### Problem to work on
All that should come back is the lines of the data below from the one containing "using assms by auto" to the one containing "y \<le> \<bar>x\<bar>", inclusive, exactly as they stand.

Dataset items:
++++++

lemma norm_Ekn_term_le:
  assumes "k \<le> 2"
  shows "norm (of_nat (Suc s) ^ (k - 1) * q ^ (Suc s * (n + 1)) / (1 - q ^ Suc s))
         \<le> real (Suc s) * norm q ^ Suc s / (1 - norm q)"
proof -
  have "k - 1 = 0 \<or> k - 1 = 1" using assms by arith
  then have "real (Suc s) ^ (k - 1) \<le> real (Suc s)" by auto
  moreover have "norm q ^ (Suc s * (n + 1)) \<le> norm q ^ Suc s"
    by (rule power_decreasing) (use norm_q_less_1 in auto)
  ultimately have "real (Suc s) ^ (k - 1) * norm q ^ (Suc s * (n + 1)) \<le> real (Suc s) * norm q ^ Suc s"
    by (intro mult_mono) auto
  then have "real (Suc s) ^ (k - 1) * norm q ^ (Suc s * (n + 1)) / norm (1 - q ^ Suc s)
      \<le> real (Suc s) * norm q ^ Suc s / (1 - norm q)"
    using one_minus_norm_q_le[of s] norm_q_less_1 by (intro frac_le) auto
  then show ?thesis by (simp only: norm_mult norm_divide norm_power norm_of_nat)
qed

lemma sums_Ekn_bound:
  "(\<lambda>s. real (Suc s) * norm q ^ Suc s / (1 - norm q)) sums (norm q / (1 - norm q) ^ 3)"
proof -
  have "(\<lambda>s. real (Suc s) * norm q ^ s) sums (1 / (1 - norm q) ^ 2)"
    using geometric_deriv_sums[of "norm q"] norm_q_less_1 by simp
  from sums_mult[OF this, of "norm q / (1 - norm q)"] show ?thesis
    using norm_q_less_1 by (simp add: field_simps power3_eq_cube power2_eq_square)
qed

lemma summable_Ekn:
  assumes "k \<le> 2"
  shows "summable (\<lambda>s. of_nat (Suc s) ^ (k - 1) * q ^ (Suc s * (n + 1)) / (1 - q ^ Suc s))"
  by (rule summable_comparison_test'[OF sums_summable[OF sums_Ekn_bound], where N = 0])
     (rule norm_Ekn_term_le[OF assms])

++++++

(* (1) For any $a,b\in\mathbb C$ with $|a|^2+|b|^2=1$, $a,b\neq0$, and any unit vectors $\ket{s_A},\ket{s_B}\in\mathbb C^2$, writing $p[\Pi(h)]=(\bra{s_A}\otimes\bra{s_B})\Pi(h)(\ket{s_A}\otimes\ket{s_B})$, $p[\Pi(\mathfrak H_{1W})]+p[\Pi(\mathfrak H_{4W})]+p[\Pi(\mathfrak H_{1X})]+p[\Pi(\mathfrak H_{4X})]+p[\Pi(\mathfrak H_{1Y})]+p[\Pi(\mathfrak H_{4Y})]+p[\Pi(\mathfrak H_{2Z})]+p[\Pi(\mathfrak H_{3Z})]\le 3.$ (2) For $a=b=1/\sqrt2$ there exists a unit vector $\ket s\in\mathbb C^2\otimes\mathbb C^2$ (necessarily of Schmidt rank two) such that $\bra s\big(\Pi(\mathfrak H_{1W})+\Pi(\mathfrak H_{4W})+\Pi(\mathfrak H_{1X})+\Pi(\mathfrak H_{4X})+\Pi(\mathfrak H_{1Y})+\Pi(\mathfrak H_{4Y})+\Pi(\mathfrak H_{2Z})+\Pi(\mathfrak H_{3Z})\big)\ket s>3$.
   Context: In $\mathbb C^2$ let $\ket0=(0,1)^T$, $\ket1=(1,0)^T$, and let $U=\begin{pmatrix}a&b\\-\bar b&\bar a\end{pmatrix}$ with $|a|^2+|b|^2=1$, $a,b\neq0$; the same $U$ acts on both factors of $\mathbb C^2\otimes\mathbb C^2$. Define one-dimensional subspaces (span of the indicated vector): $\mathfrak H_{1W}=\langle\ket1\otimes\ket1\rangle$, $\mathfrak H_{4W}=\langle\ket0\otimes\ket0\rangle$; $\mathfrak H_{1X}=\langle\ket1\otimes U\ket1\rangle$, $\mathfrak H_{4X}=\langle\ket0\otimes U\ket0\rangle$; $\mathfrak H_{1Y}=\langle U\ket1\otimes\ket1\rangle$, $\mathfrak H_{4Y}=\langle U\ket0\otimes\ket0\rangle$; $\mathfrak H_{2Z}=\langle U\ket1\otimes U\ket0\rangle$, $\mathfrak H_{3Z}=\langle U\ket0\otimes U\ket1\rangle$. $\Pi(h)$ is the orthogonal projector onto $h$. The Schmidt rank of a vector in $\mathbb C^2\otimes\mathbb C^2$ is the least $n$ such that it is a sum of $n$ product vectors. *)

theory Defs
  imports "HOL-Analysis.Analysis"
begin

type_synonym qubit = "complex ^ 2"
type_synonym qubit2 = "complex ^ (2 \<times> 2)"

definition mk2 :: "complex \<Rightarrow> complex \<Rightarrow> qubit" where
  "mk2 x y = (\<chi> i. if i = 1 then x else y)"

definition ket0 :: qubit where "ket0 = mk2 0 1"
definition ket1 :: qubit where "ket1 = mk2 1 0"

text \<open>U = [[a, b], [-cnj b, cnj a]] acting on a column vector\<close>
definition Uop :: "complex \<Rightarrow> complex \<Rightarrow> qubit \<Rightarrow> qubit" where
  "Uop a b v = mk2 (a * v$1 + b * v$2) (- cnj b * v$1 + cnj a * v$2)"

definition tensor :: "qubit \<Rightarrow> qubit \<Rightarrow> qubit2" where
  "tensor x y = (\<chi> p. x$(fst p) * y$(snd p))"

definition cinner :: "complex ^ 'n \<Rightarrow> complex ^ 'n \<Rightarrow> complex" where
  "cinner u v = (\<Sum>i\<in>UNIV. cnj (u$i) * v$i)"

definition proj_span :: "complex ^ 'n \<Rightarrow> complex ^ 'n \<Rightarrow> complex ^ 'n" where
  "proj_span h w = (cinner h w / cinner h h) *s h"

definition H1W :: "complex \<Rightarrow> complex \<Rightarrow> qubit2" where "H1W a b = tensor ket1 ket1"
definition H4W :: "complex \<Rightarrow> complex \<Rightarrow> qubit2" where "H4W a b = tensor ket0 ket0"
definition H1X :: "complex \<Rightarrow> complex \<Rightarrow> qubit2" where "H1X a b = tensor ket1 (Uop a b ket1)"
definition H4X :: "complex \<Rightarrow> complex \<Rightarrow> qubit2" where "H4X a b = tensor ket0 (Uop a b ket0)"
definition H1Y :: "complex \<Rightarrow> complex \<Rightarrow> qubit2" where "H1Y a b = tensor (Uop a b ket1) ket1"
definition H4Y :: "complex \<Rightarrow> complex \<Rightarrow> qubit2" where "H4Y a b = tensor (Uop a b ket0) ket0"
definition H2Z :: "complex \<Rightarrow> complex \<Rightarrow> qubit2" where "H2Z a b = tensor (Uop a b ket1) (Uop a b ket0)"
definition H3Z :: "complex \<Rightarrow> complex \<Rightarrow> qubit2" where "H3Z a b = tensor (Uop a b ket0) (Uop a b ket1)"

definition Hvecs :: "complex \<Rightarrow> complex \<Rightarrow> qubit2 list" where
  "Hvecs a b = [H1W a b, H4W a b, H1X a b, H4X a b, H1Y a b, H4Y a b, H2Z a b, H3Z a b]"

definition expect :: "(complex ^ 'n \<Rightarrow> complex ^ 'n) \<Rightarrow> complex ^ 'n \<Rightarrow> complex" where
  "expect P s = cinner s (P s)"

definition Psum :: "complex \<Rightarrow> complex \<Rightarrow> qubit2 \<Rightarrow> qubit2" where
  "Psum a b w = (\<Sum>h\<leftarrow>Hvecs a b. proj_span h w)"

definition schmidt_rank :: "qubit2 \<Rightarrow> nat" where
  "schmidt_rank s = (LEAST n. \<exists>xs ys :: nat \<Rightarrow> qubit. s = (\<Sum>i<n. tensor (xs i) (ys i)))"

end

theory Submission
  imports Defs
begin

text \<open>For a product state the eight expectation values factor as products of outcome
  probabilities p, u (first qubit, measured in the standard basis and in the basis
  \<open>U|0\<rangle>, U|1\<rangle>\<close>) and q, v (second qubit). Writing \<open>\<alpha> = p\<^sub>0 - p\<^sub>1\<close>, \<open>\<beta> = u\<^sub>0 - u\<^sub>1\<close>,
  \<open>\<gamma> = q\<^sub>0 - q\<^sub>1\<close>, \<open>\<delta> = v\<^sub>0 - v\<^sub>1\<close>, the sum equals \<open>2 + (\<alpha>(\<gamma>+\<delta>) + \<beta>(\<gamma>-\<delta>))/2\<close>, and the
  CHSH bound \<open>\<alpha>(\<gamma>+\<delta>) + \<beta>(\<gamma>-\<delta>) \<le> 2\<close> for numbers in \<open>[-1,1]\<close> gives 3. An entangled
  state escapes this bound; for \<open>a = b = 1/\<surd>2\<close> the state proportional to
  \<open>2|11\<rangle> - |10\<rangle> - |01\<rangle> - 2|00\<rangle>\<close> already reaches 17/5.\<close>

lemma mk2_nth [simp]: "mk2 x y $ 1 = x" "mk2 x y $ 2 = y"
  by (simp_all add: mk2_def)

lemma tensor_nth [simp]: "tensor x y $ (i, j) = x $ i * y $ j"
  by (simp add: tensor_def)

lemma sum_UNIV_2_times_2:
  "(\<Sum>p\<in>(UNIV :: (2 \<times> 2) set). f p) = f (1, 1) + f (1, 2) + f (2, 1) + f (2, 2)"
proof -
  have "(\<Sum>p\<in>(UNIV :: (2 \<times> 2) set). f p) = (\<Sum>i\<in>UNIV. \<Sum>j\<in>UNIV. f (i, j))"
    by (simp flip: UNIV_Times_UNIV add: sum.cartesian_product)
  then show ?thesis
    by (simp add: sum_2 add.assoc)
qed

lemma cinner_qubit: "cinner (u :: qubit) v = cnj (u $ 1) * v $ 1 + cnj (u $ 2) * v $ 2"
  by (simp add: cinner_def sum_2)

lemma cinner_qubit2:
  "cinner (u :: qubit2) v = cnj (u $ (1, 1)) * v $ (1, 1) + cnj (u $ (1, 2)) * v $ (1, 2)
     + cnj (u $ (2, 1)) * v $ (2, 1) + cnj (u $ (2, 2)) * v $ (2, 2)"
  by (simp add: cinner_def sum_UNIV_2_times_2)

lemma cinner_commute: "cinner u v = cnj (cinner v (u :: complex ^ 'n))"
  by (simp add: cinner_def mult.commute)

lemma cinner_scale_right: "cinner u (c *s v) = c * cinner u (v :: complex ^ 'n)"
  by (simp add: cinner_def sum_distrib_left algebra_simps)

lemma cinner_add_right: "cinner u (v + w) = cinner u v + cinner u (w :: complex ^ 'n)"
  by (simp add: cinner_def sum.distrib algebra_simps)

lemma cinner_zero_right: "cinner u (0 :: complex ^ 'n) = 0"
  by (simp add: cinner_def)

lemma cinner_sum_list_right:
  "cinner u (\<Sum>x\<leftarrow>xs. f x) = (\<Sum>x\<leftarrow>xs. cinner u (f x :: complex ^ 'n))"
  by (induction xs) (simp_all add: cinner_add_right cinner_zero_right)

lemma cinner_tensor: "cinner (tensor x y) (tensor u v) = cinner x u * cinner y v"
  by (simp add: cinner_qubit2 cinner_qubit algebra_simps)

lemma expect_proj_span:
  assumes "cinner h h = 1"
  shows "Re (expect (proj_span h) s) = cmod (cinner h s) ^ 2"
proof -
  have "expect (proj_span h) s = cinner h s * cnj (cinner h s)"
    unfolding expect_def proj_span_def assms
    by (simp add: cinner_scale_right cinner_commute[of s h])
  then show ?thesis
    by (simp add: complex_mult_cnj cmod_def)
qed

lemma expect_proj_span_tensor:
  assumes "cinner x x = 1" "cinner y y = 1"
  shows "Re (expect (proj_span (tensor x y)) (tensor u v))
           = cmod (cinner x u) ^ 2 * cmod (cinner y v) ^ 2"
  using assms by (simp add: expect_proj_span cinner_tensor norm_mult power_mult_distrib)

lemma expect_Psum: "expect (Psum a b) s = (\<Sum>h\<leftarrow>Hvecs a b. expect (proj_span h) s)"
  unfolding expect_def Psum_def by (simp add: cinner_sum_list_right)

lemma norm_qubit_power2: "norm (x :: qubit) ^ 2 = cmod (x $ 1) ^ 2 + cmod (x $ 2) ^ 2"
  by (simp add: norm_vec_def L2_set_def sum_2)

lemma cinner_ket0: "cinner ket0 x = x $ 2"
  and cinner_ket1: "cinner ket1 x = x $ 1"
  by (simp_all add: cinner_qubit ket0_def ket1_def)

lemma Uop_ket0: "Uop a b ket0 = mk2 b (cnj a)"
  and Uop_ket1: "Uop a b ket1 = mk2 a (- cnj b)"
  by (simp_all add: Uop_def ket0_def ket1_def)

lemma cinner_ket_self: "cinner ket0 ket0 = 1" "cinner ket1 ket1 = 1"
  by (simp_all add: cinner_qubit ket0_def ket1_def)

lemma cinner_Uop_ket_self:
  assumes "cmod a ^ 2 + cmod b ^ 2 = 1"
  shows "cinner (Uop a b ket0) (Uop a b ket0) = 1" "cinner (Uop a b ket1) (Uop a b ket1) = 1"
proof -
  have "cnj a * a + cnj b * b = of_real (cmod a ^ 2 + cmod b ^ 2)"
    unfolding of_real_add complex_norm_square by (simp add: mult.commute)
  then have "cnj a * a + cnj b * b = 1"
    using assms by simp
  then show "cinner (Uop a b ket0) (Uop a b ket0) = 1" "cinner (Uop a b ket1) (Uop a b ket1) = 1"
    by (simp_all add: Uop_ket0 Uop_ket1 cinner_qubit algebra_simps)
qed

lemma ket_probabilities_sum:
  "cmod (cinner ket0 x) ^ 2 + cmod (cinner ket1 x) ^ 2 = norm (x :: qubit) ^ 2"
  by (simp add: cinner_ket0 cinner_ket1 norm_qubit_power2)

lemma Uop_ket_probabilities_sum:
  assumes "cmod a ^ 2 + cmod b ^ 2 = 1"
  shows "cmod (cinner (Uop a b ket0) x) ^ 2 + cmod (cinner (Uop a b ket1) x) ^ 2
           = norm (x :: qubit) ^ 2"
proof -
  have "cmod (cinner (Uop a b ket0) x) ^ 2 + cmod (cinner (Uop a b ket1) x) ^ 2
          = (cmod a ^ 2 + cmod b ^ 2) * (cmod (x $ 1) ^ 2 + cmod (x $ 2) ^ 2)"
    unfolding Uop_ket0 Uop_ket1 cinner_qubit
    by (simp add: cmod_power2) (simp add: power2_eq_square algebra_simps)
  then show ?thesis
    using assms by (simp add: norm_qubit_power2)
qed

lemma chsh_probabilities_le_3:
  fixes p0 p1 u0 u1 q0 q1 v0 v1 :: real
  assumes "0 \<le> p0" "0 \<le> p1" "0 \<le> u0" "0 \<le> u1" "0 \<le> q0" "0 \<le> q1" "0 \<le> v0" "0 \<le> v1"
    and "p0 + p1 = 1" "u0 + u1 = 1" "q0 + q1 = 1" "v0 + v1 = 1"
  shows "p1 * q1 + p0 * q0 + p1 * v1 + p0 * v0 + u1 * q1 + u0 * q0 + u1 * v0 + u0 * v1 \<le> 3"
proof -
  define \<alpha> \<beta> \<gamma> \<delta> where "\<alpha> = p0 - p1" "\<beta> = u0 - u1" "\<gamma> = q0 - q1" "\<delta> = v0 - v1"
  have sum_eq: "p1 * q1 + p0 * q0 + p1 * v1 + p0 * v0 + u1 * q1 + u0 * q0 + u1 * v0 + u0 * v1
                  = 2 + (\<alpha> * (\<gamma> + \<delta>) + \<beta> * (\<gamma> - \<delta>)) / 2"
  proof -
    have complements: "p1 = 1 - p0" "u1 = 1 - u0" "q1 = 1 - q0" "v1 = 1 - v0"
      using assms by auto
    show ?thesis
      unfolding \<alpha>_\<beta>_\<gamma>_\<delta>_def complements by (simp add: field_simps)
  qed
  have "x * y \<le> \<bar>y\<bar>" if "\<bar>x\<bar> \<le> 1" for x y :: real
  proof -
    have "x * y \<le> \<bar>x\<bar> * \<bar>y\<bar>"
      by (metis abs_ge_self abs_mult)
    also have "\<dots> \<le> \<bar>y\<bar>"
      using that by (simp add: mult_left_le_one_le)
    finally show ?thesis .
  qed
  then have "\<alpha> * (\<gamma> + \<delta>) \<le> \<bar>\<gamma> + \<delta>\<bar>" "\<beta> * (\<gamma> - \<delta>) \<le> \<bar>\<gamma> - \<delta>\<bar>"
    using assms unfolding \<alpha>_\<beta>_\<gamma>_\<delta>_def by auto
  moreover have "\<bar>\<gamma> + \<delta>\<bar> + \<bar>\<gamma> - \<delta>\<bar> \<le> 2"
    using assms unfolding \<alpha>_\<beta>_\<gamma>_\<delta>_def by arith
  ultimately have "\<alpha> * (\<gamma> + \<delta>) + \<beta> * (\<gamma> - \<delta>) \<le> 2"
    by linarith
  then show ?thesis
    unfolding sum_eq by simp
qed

++++++

### Exercise result
      using assms by auto
    show ?thesis
      unfolding \<alpha>_\<beta>_\<gamma>_\<delta>_def complements by (simp add: field_simps)
  qed
  have "x * y \<le> \<bar>y\<bar>" if "\<bar>x\<bar> \<le> 1" for x y :: real
  proof -
    have "x * y \<le> \<bar>x\<bar> * \<bar>y\<bar>"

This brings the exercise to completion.